= What you are asked to do =
The lines from the start of the listing through the line containing "n \<Longrightarrow> (\<alpha>" should be printed exactly, and no other lines should be printed.

= Input data =

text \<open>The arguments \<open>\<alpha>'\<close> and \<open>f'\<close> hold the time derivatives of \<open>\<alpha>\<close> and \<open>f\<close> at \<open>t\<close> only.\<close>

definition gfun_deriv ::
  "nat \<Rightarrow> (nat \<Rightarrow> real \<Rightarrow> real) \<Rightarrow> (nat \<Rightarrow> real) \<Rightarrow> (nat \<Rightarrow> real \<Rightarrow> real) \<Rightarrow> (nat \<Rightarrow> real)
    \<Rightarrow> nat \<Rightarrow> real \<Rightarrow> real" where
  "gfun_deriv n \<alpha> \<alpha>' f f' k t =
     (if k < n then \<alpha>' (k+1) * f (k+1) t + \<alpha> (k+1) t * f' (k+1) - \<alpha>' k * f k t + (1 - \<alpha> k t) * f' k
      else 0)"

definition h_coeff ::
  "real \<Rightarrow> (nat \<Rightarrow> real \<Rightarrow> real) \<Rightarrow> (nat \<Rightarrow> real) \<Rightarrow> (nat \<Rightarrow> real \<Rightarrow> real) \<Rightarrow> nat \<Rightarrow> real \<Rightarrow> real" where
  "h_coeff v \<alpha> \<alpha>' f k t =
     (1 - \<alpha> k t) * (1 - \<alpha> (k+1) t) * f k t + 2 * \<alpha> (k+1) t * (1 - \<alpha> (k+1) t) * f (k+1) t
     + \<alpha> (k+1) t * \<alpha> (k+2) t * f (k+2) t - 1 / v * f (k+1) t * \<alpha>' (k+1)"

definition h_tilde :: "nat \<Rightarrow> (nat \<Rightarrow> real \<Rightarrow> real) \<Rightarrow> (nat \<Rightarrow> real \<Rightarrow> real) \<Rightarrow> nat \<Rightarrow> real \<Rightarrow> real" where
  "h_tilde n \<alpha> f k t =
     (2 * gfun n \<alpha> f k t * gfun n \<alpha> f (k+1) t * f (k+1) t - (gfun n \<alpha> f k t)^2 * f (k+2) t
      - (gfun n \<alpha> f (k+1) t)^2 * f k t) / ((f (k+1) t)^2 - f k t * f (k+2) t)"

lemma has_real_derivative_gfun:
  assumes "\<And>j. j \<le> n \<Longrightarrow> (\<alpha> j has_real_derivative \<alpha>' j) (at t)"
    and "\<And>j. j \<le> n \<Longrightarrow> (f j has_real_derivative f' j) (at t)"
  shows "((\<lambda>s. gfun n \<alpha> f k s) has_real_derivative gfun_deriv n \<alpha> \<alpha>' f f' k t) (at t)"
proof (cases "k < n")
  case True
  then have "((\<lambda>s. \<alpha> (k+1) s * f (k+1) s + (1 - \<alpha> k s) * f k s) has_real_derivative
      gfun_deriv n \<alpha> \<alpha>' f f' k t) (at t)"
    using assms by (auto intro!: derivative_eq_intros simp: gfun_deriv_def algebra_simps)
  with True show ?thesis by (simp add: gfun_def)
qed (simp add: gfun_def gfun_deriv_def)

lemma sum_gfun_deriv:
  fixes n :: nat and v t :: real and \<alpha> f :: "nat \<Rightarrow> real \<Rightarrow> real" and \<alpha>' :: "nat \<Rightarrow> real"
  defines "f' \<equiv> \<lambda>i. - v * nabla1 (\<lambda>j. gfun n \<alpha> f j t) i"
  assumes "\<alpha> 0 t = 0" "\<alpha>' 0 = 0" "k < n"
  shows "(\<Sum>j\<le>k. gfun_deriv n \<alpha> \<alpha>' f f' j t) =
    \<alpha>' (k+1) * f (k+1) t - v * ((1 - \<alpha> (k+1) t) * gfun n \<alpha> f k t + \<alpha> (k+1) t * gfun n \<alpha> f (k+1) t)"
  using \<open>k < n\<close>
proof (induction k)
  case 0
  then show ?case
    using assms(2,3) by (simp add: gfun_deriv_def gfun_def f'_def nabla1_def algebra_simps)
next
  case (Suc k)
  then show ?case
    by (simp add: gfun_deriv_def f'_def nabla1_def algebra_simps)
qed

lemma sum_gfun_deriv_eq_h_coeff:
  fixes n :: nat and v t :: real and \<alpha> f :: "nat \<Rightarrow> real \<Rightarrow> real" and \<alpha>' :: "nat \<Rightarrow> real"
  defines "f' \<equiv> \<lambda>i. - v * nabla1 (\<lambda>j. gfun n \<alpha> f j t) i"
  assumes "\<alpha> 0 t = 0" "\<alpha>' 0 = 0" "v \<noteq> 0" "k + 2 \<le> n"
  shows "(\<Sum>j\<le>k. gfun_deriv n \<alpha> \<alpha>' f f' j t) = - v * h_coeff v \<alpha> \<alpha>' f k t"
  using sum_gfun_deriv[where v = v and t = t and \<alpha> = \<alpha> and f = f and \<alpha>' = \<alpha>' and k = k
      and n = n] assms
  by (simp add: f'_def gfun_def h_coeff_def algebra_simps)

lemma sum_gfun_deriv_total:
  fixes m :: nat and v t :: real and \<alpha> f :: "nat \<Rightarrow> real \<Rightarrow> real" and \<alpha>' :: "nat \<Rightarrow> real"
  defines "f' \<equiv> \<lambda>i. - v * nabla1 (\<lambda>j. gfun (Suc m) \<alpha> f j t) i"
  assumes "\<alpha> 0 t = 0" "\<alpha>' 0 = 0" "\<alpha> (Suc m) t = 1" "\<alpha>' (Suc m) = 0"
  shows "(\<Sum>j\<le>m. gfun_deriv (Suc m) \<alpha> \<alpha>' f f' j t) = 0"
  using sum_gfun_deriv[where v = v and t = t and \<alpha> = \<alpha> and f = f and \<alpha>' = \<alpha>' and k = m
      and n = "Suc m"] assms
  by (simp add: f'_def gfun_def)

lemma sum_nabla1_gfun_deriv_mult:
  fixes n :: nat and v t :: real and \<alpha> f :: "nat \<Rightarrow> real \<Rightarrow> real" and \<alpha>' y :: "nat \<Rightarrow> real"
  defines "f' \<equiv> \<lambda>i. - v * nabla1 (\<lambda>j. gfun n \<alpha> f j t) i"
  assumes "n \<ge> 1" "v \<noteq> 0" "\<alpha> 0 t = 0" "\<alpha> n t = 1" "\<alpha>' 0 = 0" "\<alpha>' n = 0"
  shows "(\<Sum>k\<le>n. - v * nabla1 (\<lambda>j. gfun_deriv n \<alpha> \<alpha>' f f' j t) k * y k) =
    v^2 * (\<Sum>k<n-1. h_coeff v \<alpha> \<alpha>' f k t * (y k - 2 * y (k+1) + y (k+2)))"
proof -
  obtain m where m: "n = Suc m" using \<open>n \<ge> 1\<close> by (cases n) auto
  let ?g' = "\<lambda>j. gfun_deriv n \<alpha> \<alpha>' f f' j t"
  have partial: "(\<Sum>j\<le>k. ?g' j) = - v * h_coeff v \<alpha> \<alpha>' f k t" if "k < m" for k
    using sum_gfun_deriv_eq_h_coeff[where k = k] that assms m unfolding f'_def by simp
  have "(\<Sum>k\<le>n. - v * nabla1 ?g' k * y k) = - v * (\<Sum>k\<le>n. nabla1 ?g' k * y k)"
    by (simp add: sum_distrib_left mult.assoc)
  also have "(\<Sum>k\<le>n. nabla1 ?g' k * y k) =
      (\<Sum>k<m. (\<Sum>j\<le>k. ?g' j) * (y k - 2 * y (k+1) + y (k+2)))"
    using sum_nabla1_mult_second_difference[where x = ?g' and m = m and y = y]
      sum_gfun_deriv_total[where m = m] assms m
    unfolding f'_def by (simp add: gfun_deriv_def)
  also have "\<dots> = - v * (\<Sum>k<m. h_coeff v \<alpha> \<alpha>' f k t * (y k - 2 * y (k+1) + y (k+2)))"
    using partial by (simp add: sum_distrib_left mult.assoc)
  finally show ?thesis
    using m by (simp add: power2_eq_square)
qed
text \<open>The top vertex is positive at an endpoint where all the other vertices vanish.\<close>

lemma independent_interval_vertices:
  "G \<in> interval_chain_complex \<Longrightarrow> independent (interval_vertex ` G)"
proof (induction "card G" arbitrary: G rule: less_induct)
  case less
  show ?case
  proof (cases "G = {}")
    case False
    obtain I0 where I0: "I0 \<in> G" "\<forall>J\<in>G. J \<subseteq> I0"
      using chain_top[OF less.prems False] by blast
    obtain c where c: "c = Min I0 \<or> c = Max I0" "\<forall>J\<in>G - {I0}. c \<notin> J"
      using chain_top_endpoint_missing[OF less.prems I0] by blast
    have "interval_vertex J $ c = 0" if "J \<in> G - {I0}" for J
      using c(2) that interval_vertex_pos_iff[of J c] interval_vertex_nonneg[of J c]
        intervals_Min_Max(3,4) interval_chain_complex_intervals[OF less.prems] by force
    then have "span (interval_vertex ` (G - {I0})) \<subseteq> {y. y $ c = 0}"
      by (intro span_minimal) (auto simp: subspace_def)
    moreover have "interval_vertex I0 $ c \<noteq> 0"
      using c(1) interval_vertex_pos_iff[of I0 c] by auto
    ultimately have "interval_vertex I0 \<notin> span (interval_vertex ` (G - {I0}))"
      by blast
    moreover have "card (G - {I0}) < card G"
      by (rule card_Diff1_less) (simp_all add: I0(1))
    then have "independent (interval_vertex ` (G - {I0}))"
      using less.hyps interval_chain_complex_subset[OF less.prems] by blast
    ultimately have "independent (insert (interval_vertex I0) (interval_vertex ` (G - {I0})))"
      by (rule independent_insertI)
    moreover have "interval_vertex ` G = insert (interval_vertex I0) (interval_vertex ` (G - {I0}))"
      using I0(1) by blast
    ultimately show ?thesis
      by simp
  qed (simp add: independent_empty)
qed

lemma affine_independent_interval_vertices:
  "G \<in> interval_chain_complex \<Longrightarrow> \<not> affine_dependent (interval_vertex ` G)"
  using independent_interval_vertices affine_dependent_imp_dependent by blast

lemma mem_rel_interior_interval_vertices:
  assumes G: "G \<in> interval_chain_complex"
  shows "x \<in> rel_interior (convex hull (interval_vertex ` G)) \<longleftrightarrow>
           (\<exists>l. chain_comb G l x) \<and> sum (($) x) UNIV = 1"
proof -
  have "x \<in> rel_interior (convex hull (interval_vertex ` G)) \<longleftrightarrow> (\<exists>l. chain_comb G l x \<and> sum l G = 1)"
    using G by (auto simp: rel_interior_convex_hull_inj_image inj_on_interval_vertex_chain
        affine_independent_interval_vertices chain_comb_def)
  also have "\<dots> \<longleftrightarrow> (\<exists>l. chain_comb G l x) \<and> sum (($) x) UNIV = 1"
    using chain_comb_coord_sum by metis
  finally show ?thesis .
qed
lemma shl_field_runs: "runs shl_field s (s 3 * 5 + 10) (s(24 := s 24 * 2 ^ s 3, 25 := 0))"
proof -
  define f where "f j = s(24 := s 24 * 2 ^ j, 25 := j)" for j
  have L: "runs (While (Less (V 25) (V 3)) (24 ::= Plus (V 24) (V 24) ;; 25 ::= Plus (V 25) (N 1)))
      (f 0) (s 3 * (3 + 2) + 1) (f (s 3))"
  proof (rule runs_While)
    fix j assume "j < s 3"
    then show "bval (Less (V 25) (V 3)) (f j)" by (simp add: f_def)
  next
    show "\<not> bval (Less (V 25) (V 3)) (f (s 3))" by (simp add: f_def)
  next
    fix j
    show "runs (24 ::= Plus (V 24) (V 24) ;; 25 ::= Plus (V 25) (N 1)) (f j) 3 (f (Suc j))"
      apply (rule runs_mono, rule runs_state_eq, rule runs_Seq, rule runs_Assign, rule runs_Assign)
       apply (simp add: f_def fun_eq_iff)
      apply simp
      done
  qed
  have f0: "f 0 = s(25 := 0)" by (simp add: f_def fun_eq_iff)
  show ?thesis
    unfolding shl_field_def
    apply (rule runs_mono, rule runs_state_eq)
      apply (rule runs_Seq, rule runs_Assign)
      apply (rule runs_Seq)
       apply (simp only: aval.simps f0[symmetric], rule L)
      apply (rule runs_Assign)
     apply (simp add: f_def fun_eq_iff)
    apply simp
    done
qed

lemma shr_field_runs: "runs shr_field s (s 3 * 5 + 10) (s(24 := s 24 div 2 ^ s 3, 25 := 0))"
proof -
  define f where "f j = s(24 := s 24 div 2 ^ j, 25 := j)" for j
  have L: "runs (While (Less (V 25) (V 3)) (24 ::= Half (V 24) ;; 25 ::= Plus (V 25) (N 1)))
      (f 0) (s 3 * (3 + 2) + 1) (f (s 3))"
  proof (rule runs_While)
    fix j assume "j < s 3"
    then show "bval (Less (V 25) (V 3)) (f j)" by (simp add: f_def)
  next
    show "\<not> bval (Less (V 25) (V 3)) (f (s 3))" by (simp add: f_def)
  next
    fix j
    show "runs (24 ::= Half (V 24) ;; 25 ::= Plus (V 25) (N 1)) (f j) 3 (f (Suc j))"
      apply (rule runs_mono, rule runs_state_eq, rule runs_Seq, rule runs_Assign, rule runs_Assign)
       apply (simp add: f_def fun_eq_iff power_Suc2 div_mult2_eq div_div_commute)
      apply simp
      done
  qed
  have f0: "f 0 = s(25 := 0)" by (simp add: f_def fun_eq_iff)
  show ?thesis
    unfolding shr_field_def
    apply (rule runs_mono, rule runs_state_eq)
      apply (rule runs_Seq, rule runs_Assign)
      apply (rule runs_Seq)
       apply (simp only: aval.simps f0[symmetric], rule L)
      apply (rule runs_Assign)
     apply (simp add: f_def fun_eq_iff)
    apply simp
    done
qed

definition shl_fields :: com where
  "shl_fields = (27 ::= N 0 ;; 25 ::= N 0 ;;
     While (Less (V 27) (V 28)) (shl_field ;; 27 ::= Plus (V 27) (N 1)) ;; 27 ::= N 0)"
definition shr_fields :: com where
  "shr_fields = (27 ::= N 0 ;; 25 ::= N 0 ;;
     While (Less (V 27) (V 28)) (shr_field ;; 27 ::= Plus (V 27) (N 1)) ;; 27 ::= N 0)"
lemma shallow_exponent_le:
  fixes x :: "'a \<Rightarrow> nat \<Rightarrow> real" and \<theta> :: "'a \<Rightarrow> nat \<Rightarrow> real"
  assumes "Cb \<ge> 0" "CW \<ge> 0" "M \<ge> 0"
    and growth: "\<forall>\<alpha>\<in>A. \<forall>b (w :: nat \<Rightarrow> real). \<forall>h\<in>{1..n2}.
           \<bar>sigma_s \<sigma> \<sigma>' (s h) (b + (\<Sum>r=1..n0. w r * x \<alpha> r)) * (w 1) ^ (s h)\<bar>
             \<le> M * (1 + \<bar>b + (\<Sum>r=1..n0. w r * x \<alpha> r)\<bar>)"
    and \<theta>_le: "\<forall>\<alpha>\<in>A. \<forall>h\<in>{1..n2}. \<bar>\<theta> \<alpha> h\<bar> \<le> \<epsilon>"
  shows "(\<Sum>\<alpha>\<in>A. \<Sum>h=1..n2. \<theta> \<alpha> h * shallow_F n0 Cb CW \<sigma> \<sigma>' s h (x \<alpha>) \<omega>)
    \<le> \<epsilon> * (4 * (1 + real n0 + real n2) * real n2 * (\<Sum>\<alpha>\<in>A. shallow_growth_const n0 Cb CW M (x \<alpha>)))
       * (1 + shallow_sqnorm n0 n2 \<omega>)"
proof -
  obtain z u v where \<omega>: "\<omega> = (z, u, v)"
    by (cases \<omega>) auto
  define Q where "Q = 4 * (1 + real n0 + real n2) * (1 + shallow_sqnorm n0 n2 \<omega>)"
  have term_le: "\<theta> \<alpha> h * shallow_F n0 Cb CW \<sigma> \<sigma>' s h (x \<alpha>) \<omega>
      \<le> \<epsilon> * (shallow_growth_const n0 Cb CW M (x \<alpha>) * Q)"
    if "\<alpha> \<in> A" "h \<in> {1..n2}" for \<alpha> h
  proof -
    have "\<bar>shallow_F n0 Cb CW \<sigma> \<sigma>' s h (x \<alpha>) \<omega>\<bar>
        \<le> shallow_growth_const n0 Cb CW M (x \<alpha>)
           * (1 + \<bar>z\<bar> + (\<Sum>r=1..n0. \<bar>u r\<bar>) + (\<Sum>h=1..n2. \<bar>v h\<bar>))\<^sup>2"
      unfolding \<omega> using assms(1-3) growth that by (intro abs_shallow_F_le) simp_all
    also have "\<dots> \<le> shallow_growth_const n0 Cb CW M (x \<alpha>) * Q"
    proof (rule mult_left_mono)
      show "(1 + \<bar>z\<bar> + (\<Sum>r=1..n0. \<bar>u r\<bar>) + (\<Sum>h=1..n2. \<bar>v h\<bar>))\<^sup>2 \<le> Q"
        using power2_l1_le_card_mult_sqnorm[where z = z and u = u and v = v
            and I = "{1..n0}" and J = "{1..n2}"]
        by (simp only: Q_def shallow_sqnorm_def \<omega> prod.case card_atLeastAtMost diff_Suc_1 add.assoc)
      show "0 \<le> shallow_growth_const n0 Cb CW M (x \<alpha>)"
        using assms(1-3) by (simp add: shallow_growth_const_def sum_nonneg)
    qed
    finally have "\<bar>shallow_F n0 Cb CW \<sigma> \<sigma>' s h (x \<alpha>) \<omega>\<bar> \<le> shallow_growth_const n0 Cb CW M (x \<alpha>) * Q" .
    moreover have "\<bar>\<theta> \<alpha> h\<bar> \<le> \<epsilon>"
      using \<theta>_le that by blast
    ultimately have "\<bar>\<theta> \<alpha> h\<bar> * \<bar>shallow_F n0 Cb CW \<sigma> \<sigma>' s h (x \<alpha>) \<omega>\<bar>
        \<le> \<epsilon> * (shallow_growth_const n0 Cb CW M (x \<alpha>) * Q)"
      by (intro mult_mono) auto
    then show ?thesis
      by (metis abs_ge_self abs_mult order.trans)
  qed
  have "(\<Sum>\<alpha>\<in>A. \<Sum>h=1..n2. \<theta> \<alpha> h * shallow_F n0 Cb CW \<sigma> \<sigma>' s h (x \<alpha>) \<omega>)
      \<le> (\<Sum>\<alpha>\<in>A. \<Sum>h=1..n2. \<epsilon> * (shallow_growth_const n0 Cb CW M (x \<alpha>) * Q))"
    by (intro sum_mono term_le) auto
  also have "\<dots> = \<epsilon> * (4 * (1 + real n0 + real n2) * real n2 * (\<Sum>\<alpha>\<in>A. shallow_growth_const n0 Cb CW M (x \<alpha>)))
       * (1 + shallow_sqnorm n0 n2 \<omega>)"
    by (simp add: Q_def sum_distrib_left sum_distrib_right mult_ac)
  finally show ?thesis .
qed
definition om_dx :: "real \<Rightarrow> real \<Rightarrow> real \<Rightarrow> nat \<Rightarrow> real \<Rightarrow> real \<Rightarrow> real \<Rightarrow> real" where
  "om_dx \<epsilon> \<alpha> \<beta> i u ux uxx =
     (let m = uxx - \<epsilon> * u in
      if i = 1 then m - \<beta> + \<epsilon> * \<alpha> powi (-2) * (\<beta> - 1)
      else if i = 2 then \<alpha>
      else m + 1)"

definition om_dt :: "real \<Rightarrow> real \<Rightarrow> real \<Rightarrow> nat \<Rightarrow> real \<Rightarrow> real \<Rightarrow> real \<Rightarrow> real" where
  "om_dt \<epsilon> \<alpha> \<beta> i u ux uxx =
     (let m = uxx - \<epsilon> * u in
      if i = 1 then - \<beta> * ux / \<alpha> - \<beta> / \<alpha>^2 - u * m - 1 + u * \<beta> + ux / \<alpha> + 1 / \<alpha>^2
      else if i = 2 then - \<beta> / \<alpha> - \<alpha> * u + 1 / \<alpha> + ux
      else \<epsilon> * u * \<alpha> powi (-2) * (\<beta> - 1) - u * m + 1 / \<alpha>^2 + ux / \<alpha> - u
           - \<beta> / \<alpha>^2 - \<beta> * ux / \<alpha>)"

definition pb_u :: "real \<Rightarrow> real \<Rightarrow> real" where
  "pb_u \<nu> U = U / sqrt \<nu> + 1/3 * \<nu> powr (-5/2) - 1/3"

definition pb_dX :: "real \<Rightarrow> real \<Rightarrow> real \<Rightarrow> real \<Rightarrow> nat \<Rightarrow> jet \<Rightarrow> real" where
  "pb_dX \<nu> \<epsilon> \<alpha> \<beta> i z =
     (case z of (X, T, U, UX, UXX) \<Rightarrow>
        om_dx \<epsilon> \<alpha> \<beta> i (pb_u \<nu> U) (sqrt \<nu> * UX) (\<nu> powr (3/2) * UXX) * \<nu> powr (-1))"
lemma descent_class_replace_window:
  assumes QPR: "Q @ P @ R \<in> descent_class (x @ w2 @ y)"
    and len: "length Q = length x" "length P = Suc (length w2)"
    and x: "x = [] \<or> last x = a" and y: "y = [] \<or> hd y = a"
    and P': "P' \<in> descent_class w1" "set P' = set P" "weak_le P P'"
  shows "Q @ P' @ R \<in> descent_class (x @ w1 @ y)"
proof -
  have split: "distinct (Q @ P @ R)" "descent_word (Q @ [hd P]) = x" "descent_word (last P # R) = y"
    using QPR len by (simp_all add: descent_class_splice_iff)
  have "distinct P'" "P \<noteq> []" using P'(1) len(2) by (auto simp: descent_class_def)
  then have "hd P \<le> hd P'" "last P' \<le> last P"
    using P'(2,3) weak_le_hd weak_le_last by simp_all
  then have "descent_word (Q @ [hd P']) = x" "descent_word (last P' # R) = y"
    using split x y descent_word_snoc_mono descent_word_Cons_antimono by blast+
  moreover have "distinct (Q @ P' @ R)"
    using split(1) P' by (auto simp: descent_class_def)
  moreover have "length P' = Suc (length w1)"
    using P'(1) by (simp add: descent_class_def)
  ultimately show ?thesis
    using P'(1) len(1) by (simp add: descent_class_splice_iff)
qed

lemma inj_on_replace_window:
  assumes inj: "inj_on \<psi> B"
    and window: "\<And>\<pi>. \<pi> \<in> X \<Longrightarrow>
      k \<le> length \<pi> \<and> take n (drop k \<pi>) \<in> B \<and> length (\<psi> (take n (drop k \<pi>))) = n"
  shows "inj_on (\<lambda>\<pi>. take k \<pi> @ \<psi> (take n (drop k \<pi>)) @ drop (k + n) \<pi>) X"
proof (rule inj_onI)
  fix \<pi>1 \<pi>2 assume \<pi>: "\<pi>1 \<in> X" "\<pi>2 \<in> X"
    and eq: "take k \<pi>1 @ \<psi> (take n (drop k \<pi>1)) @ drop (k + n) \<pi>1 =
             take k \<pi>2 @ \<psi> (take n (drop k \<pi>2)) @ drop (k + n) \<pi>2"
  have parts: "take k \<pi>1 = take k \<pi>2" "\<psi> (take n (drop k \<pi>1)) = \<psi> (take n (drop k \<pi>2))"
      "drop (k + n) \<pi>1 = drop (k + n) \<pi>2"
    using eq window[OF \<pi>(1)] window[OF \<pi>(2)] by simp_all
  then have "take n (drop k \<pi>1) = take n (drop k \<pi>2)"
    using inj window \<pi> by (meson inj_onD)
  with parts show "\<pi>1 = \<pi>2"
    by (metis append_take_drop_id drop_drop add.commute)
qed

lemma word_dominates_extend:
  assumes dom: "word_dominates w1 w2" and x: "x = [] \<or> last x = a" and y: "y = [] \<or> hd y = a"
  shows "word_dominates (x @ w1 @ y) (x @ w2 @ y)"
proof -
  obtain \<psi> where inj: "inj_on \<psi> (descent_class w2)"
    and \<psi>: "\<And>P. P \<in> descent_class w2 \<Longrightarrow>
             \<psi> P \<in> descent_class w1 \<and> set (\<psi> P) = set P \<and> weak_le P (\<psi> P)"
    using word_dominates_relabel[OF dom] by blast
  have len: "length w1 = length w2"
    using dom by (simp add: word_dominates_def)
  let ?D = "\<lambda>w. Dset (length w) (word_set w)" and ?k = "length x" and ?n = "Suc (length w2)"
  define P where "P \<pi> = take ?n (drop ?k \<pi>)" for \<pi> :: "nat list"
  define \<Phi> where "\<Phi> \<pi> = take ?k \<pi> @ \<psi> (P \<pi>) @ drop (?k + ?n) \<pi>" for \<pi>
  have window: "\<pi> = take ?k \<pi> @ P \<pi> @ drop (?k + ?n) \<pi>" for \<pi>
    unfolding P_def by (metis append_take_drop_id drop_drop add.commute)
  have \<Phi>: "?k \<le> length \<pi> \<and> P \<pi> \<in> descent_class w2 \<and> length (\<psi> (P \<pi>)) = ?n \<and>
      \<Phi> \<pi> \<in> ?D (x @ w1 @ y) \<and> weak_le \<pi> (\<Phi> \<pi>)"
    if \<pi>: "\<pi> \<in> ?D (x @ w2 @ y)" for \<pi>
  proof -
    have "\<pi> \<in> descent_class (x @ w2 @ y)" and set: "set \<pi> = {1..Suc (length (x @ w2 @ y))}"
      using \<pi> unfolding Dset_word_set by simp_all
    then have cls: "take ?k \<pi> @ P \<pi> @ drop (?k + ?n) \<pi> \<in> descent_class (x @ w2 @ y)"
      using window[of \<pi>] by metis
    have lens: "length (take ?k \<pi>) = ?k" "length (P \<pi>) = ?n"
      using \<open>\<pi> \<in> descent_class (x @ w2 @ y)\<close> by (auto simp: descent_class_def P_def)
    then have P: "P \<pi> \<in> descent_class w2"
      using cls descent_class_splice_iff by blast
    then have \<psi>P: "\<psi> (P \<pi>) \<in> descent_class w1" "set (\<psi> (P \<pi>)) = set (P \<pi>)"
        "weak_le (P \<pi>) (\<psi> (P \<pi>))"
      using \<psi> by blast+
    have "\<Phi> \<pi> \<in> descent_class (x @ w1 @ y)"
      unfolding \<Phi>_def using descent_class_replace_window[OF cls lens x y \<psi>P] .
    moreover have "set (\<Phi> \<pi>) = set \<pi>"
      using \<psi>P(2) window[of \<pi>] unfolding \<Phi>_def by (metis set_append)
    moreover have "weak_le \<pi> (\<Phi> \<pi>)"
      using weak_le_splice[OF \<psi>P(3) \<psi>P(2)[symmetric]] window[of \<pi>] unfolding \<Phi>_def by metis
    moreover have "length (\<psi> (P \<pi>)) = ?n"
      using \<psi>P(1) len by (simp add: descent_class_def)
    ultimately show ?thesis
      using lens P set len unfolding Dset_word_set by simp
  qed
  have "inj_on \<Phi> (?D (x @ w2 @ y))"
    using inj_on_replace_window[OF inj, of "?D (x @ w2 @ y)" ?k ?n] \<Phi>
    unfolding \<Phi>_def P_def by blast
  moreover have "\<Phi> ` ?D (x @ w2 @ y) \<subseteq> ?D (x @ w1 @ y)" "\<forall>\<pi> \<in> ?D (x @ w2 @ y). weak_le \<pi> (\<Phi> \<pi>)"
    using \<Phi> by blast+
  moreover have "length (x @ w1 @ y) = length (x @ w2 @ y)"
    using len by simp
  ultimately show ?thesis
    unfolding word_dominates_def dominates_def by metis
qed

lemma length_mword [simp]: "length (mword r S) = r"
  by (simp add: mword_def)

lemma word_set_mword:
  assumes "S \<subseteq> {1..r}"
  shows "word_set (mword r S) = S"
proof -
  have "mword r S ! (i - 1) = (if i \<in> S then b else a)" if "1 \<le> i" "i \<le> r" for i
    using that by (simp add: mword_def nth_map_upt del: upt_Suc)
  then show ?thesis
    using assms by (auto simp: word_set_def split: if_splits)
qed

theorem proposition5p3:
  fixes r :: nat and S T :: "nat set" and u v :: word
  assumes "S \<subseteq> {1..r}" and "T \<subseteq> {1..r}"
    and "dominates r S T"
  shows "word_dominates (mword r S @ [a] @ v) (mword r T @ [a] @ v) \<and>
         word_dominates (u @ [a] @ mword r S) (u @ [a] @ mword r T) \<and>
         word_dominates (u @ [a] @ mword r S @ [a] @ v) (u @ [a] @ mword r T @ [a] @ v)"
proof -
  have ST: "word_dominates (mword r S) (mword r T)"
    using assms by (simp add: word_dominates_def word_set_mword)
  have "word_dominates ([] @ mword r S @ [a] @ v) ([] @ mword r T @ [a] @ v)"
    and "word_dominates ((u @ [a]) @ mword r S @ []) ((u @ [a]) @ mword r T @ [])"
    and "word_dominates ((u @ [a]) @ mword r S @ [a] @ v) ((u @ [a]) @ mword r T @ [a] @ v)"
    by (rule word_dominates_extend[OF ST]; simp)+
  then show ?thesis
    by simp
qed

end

= Answer to the problem =
text \<open>The arguments \<open>\<alpha>'\<close> and \<open>f'\<close> hold the time derivatives of \<open>\<alpha>\<close> and \<open>f\<close> at \<open>t\<close> only.\<close>

definition gfun_deriv ::
  "nat \<Rightarrow> (nat \<Rightarrow> real \<Rightarrow> real) \<Rightarrow> (nat \<Rightarrow> real) \<Rightarrow> (nat \<Rightarrow> real \<Rightarrow> real) \<Rightarrow> (nat \<Rightarrow> real)
    \<Rightarrow> nat \<Rightarrow> real \<Rightarrow> real" where
  "gfun_deriv n \<alpha> \<alpha>' f f' k t =
     (if k < n then \<alpha>' (k+1) * f (k+1) t + \<alpha> (k+1) t * f' (k+1) - \<alpha>' k * f k t + (1 - \<alpha> k t) * f' k
      else 0)"

definition h_coeff ::
  "real \<Rightarrow> (nat \<Rightarrow> real \<Rightarrow> real) \<Rightarrow> (nat \<Rightarrow> real) \<Rightarrow> (nat \<Rightarrow> real \<Rightarrow> real) \<Rightarrow> nat \<Rightarrow> real \<Rightarrow> real" where
  "h_coeff v \<alpha> \<alpha>' f k t =
     (1 - \<alpha> k t) * (1 - \<alpha> (k+1) t) * f k t + 2 * \<alpha> (k+1) t * (1 - \<alpha> (k+1) t) * f (k+1) t
     + \<alpha> (k+1) t * \<alpha> (k+2) t * f (k+2) t - 1 / v * f (k+1) t * \<alpha>' (k+1)"

definition h_tilde :: "nat \<Rightarrow> (nat \<Rightarrow> real \<Rightarrow> real) \<Rightarrow> (nat \<Rightarrow> real \<Rightarrow> real) \<Rightarrow> nat \<Rightarrow> real \<Rightarrow> real" where
  "h_tilde n \<alpha> f k t =
     (2 * gfun n \<alpha> f k t * gfun n \<alpha> f (k+1) t * f (k+1) t - (gfun n \<alpha> f k t)^2 * f (k+2) t
      - (gfun n \<alpha> f (k+1) t)^2 * f k t) / ((f (k+1) t)^2 - f k t * f (k+2) t)"

lemma has_real_derivative_gfun:
  assumes "\<And>j. j \<le> n \<Longrightarrow> (\<alpha> j has_real_derivative \<alpha>' j) (at t)"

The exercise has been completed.